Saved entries
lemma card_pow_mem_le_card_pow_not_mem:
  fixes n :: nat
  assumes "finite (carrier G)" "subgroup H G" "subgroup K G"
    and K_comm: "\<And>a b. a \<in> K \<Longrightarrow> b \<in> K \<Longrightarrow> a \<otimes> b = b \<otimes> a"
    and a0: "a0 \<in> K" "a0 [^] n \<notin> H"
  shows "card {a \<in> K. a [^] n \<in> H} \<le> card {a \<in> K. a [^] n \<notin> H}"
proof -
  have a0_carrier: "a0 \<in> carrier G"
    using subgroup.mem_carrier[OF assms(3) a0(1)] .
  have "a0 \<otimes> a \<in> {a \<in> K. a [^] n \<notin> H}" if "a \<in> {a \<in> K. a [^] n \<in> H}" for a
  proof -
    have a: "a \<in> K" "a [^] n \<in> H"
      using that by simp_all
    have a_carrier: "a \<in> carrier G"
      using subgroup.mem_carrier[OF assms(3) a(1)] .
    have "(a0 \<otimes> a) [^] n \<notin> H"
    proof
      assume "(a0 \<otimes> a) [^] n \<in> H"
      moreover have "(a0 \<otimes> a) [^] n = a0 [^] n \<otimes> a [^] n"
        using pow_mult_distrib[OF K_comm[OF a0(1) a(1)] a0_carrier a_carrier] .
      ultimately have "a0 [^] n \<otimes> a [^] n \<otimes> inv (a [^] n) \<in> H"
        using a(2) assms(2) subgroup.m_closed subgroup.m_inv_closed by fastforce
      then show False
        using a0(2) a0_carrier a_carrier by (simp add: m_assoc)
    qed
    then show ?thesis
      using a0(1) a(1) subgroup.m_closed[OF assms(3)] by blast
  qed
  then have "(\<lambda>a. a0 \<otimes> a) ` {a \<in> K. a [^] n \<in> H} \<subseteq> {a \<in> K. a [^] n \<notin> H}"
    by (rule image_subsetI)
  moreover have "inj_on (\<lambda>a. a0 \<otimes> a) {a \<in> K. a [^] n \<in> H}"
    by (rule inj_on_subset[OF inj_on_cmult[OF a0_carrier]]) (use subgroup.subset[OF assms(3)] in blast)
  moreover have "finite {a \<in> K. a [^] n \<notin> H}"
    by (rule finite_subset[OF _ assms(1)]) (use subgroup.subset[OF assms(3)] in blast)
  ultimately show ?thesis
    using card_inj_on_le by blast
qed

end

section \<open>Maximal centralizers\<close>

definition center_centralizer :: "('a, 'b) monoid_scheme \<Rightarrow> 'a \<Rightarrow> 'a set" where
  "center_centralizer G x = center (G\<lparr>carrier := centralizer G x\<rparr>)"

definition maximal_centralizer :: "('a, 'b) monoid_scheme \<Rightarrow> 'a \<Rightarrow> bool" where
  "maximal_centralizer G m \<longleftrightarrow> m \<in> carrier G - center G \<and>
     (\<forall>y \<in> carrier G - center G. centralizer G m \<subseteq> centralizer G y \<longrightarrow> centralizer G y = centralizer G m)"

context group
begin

--

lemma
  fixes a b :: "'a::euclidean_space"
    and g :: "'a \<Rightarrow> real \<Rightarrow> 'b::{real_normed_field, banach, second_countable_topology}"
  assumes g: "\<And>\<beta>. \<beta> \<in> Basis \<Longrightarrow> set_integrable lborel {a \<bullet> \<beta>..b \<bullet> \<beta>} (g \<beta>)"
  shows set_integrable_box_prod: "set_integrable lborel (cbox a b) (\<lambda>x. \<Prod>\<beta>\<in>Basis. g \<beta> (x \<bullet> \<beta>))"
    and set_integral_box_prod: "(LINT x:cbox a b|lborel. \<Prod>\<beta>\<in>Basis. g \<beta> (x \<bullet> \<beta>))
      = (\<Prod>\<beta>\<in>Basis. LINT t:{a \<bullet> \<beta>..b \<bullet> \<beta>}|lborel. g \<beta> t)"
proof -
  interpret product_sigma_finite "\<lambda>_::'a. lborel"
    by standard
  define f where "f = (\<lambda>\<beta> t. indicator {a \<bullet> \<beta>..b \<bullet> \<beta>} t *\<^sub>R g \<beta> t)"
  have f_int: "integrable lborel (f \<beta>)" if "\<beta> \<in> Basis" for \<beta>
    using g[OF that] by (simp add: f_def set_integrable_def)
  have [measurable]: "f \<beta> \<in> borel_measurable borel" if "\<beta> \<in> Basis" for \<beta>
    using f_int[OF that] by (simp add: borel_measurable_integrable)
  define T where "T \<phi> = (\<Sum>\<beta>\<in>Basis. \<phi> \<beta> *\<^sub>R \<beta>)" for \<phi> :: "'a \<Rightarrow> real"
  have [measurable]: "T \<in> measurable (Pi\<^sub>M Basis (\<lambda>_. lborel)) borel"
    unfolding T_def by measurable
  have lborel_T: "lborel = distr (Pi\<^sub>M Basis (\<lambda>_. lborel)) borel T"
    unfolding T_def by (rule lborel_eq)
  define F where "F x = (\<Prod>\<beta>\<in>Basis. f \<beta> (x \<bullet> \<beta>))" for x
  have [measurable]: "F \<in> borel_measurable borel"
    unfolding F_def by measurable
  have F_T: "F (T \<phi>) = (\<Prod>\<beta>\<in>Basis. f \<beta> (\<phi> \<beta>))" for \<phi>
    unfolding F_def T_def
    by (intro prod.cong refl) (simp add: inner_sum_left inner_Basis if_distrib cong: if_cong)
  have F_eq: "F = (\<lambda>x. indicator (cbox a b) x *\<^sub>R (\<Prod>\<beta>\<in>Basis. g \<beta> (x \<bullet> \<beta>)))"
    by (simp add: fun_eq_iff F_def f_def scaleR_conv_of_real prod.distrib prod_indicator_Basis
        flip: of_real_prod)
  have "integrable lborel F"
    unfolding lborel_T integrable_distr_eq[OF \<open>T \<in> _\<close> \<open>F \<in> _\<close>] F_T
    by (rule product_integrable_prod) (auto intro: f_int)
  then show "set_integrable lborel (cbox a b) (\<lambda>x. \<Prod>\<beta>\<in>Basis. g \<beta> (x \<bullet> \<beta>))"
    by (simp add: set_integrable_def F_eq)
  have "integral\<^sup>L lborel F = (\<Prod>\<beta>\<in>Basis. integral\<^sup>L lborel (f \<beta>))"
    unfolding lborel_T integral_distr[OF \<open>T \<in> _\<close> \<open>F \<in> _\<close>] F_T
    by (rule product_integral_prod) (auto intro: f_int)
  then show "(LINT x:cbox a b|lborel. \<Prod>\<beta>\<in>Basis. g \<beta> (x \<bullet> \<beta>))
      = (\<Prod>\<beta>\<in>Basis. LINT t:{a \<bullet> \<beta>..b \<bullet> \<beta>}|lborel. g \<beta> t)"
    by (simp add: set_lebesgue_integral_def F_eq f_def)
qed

...

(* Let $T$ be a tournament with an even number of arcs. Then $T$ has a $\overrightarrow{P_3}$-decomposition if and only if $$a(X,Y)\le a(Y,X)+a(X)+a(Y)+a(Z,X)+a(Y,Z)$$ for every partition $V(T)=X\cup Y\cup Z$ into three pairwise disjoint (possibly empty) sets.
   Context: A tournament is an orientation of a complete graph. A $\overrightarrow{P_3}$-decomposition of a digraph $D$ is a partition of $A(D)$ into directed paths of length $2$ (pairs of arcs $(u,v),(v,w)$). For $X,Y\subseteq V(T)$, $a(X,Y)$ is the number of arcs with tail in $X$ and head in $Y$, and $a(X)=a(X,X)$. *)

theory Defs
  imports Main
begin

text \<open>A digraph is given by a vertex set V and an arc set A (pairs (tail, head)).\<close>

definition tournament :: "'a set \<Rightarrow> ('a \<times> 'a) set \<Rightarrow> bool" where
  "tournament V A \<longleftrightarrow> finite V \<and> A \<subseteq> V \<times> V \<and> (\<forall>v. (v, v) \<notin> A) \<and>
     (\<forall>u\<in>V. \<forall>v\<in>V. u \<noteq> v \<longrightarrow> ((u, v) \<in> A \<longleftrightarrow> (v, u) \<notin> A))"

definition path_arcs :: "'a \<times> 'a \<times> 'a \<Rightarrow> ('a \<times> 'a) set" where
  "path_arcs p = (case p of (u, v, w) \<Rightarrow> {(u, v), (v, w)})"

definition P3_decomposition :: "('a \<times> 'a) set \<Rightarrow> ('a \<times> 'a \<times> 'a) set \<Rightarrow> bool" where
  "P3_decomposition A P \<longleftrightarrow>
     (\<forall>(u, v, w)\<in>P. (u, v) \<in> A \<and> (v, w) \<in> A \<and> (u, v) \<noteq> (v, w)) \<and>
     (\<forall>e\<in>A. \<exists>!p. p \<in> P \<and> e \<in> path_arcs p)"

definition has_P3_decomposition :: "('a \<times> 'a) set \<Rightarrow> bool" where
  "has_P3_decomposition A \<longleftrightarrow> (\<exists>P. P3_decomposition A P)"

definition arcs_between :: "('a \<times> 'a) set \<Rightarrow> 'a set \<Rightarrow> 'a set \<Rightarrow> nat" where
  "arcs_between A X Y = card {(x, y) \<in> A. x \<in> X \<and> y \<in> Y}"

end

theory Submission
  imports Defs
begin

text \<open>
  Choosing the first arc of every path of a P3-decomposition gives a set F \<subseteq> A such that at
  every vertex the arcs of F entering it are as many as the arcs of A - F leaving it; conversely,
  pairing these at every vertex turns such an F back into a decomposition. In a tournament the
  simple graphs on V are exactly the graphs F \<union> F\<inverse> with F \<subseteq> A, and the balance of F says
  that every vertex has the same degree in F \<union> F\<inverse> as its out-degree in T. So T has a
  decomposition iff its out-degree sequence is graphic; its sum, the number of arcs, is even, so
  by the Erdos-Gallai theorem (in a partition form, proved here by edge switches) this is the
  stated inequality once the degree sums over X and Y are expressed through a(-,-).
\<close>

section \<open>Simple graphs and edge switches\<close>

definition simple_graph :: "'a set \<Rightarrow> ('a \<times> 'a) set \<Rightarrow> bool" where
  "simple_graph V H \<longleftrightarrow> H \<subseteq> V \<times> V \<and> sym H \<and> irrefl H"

What to work on –
Whenever the string "assms" turns up in a line of the data, copy that line.

Solution to the problem –
    using subgroup.mem_carrier[OF assms(3) a0(1)] .
      using subgroup.mem_carrier[OF assms(3) a(1)] .
        using a(2) assms(2) subgroup.m_closed subgroup.m_inv_closed by fastforce
      using a0(1) a(1) subgroup.m_closed[OF assms(3)] by blast
    by (rule inj_on_subset[OF inj_on_cmult[OF a0_carrier]]) (use subgroup.subset[OF assms(3)] in blast)
    by (rule finite_subset[OF _ assms(1)]) (use subgroup.subset[OF assms(3)] in blast)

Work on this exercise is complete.